Tunisia backs new constitution, granting president more power in last ‘Arab Spring’ democracy

A new Tunisian constitution that the opposition warns could dismantle the country’s democracy by expanding presidential powers is expected to take effect after a referendum on Monday that appeared to pass easily but with low turnout.

President Kais Saied toppled parliament last year and ruled by decree, saying the country needed to be saved from years of paralysis by rewriting the democratic constitution introduced after Tunisia’s 2011 “Arab spring” revolution.

Opposition parties boycotted the referendum, accusing Saied of a coup and saying the new constitution he published less than a month ago portended a step backwards towards autocracy.

The new constitution gives the president power over the government and the judiciary, while removing checks on his authority and weakening parliament.

Meanwhile, Tunisia faces an impending economic crisis and is seeking an International Monetary Fund (IMF) rescue package – issues that worried ordinary people far more in the past year than the political crisis.

There was no minimum level of participation for the measure to be approved and the electoral commission put the preliminary turnout at just 27.5%.

Shortly after an exit poll was published by Sigma Conseil indicating a 92.3% “yes” vote, hundreds of Saied supporters gathered on central Habib Bourguiba avenue to celebrate.

“Sovereignty is for the people”, “The people want to purify the country”, they sang, dismissing concerns about a return to autocracy.

“We are not afraid of anything. Only the corrupt and the officials who looted the state will be afraid,” said Noura bin Ayad, a 46-year-old woman who carries a Tunisian flag.

Saied’s initial moves against parliament last year seemed wildly popular with Tunisians as thousands flocked to the streets to support him, unleashing fury on political parties they blamed for years of misrule and decline.

However, as Tunisia’s economy worsened last year with little intervention from Saied, his support appeared to wane.

An opposition coalition, including Islamist Ennahda, the largest party in the dissolved parliament, said Saied “failed miserably to secure popular support for his coup” and called on him to step down.

The low turnout rate is not easily comparable to previous elections because Tunisia now automatically registers voters. The previous lowest turnout rate was 41% in 2019 for the parliament that Saied dissolved.
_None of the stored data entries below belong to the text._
(* Let $\mathbb{F}$ be a field with $\operatorname{char}(\mathbb{F})\neq 2$ and let $G$ be a non-abelian group with a group involution $\ast$ and a non-identity orientation $\sigma:G\to\{\pm1\}$ such that $gg^\ast\in N=\ker\sigma$ for all $g\in G$. Then $\mathbb{F}G$ is normal with respect to the oriented group involution $\circledast$ if and only if one of the following holds: (1) $N$ is abelian, $G\setminus N\subseteq G^+$, and $n^\ast=a^{-1}na=ana^{-1}$ for all $n\in N$ and all $a\in G\setminus N$; (2) $N$ and $G$ are LC-groups, $G$ has a unique non-identity commutator $s$, there exists $g_0\in(G\setminus N)\cap\zeta(G)$ with $g_0^\ast=sg_0$, and $\ast$ is given by $g^\ast=g$ if $g\in N\cap\zeta(G)$ or $g\in(G\setminus N)\setminus\zeta(G)$, and $g^\ast=sg$ otherwise.
   Context: A group involution on $G$ is a map $\ast:G\to G$ with $(gh)^\ast=h^\ast g^\ast$ and $(g^\ast)^\ast=g$. An orientation is a group homomorphism $\sigma:G\to\{\pm1\}$. The oriented group involution is $(\sum_g\alpha_g g)^\circledast=\sum_g\alpha_g\sigma(g)g^\ast$ on $\mathbb{F}G$ (an algebra involution because $gg^\ast\in\ker\sigma$). $\mathbb{F}G$ is normal if $\alpha\alpha^\circledast=\alpha^\circledast\alpha$ for all $\alpha\in\mathbb{F}G$. $G^+=\{g\in G:g^\ast=g\}$, $\zeta(G)$ is the center of $G$, $(g,h)=g^{-1}h^{-1}gh$, and "unique non-identity commutator $s$" means $\{(g,h):g,h\in G\}=\{1,s\}$. A group $H$ is an LC-group if it is non-abelian and for all $g,h\in H$: $gh=hg$ iff at least one of $g,h,gh$ lies in $\zeta(H)$. *)

theory Defs
  imports "HOL-Algebra.Group"
begin

definition grp_center :: "('a, 'b) monoid_scheme \<Rightarrow> 'a set \<Rightarrow> 'a set" where
  "grp_center G H = {z \<in> H. \<forall>x \<in> H. z \<otimes>\<^bsub>G\<^esub> x = x \<otimes>\<^bsub>G\<^esub> z}"

definition abelian_on :: "('a, 'b) monoid_scheme \<Rightarrow> 'a set \<Rightarrow> bool" where
  "abelian_on G H \<longleftrightarrow> (\<forall>x \<in> H. \<forall>y \<in> H. x \<otimes>\<^bsub>G\<^esub> y = y \<otimes>\<^bsub>G\<^esub> x)"

definition LC_group :: "('a, 'b) monoid_scheme \<Rightarrow> 'a set \<Rightarrow> bool" where
  "LC_group G H \<longleftrightarrow> \<not> abelian_on G H \<and>
     (\<forall>g \<in> H. \<forall>h \<in> H. g \<otimes>\<^bsub>G\<^esub> h = h \<otimes>\<^bsub>G\<^esub> g \<longleftrightarrow>
        (g \<in> grp_center G H \<or> h \<in> grp_center G H \<or> g \<otimes>\<^bsub>G\<^esub> h \<in> grp_center G H))"

definition commutator :: "('a, 'b) monoid_scheme \<Rightarrow> 'a \<Rightarrow> 'a \<Rightarrow> 'a" where
  "commutator G g h = inv\<^bsub>G\<^esub> g \<otimes>\<^bsub>G\<^esub> inv\<^bsub>G\<^esub> h \<otimes>\<^bsub>G\<^esub> g \<otimes>\<^bsub>G\<^esub> h"

definition commutators :: "('a, 'b) monoid_scheme \<Rightarrow> 'a set" where
  "commutators G = {commutator G g h | g h. g \<in> carrier G \<and> h \<in> carrier G}"

definition group_involution :: "('a, 'b) monoid_scheme \<Rightarrow> ('a \<Rightarrow> 'a) \<Rightarrow> bool" where
  "group_involution G st \<longleftrightarrow> (\<forall>g \<in> carrier G. st g \<in> carrier G) \<and>
     (\<forall>g \<in> carrier G. \<forall>h \<in> carrier G. st (g \<otimes>\<^bsub>G\<^esub> h) = st h \<otimes>\<^bsub>G\<^esub> st g) \<and>
     (\<forall>g \<in> carrier G. st (st g) = g)"

definition orientation :: "('a, 'b) monoid_scheme \<Rightarrow> ('a \<Rightarrow> int) \<Rightarrow> bool" where
  "orientation G \<sigma> \<longleftrightarrow> (\<forall>g \<in> carrier G. \<sigma> g \<in> {1, -1}) \<and>
     (\<forall>g \<in> carrier G. \<forall>h \<in> carrier G. \<sigma> (g \<otimes>\<^bsub>G\<^esub> h) = \<sigma> g * \<sigma> h)"

definition group_algebra :: "('a, 'b) monoid_scheme \<Rightarrow> ('a \<Rightarrow> 'f::field) set" where
  "group_algebra G = {\<alpha>. (\<forall>x. x \<notin> carrier G \<longrightarrow> \<alpha> x = 0) \<and> finite {x. \<alpha> x \<noteq> 0}}"

definition ga_mult :: "('a, 'b) monoid_scheme \<Rightarrow> ('a \<Rightarrow> 'f::field) \<Rightarrow> ('a \<Rightarrow> 'f) \<Rightarrow> ('a \<Rightarrow> 'f)" where
  "ga_mult G \<alpha> \<beta> = (\<lambda>x. if x \<in> carrier G then
      (\<Sum>g \<in> {g \<in> carrier G. \<alpha> g \<noteq> 0}. \<alpha> g * \<beta> (inv\<^bsub>G\<^esub> g \<otimes>\<^bsub>G\<^esub> x)) else 0)"

text \<open>Oriented involution: (\<Sum> \<alpha>_g g)^\<circledast> = \<Sum> \<alpha>_g \<sigma>(g) g^*; coefficient at h is
  \<alpha>(h^*) \<sigma>(h^*), as * is a bijection of the carrier.\<close>
definition oriented_inv :: "('a, 'b) monoid_scheme \<Rightarrow> ('a \<Rightarrow> 'a) \<Rightarrow> ('a \<Rightarrow> int) \<Rightarrow> ('a \<Rightarrow> 'f::field) \<Rightarrow> ('a \<Rightarrow> 'f)" where
  "oriented_inv G st \<sigma> \<alpha> = (\<lambda>h. if h \<in> carrier G then of_int (\<sigma> (st h)) * \<alpha> (st h) else 0)"

definition ga_normal :: "('a, 'b) monoid_scheme \<Rightarrow> ('a \<Rightarrow> 'a) \<Rightarrow> ('a \<Rightarrow> int) \<Rightarrow> ('a \<Rightarrow> 'f::field) set \<Rightarrow> bool" where
  "ga_normal G st \<sigma> FG \<longleftrightarrow> (\<forall>\<alpha> \<in> FG.
      ga_mult G \<alpha> (oriented_inv G st \<sigma> \<alpha>) = ga_mult G (oriented_inv G st \<sigma> \<alpha>) \<alpha>)"

end

theory Submission
  imports Defs
begin

(*
  Testing normality on the elements g and g + h^* of FG shows, as char F is not 2, that FG is
  normal exactly when every pair g, h of group elements is a normal pair: g and h commute, or
  sigma(g) = sigma(h) and gh = g^* h^*, hg = h^* g^*, or sigma(g) and sigma(h) differ and gh, hg
  are fixed by *.  Conversely, for normal pairs the double sums expressing the coefficients of
  alpha alpha^* and alpha^* alpha agree term by term after symmetrisation.

  The group theory then splits on the kernel N of sigma.  If N is abelian, every a outside N
  fails to commute with some n in N (otherwise a would be central and G abelian), and the normal
  pair (a, n) forces a^* = a and n^* = a n a^-1 = a^-1 n a.  If N is not abelian, g^-1 g^* takes
  one value s on all non-central g in N; s is central of order two and is the only non-trivial
  commutator, the centre of N lies in the centre of G, and the description of * in (2) follows.
*)

lemma grp_center_iff: "z \<in> grp_center G H \<longleftrightarrow> z \<in> H \<and> (\<forall>x \<in> H. z \<otimes>\<^bsub>G\<^esub> x = x \<otimes>\<^bsub>G\<^esub> z)"
  unfolding grp_center_def by simp

context group
begin

lemma inv_mult_cancel_left [simp]: "x \<in> carrier G \<Longrightarrow> y \<in> carrier G \<Longrightarrow> inv x \<otimes> (x \<otimes> y) = y"
  by (simp add: m_assoc [symmetric])

lemma mult_inv_cancel_left [simp]: "x \<in> carrier G \<Longrightarrow> y \<in> carrier G \<Longrightarrow> x \<otimes> (inv x \<otimes> y) = y"
  by (simp add: m_assoc [symmetric])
Opponents of the president also questioned the integrity of a vote conducted by an electoral commission whose council Saied replaced this year, and with fewer independent observers than in Tunisia’s previous elections.

Casting his own vote on Monday, Saied hailed the referendum as the foundation of a new republic.

Western democracies that saw Tunisia as the only Arab Spring success story have yet to comment on the proposed new constitution, although they urged Tunisia last year to return to the democratic path.

“I’m frustrated with all of them. I’d rather enjoy this hot day than go to vote,” said Samia, a woman sitting with her husband and teenage son on La Marsa beach near Tunis, talking about Tunisian politicians.

Outside a cafe in the capital, Samir Slimane said he was not interested in voting.

“I have no hope of change. Kais Saied won’t change a thing. He just wants to have all the powers,” she said.

The economic decline since 2011 has left many Tunisians angry at the parties they have ruled since the revolution and disillusioned with the political system they have run.

To deal with the economic hardship, the government hopes to obtain a $4 billion loan from the IMF, but faces strong opposition from unions to necessary reforms, including cuts to fuel and food subsidies.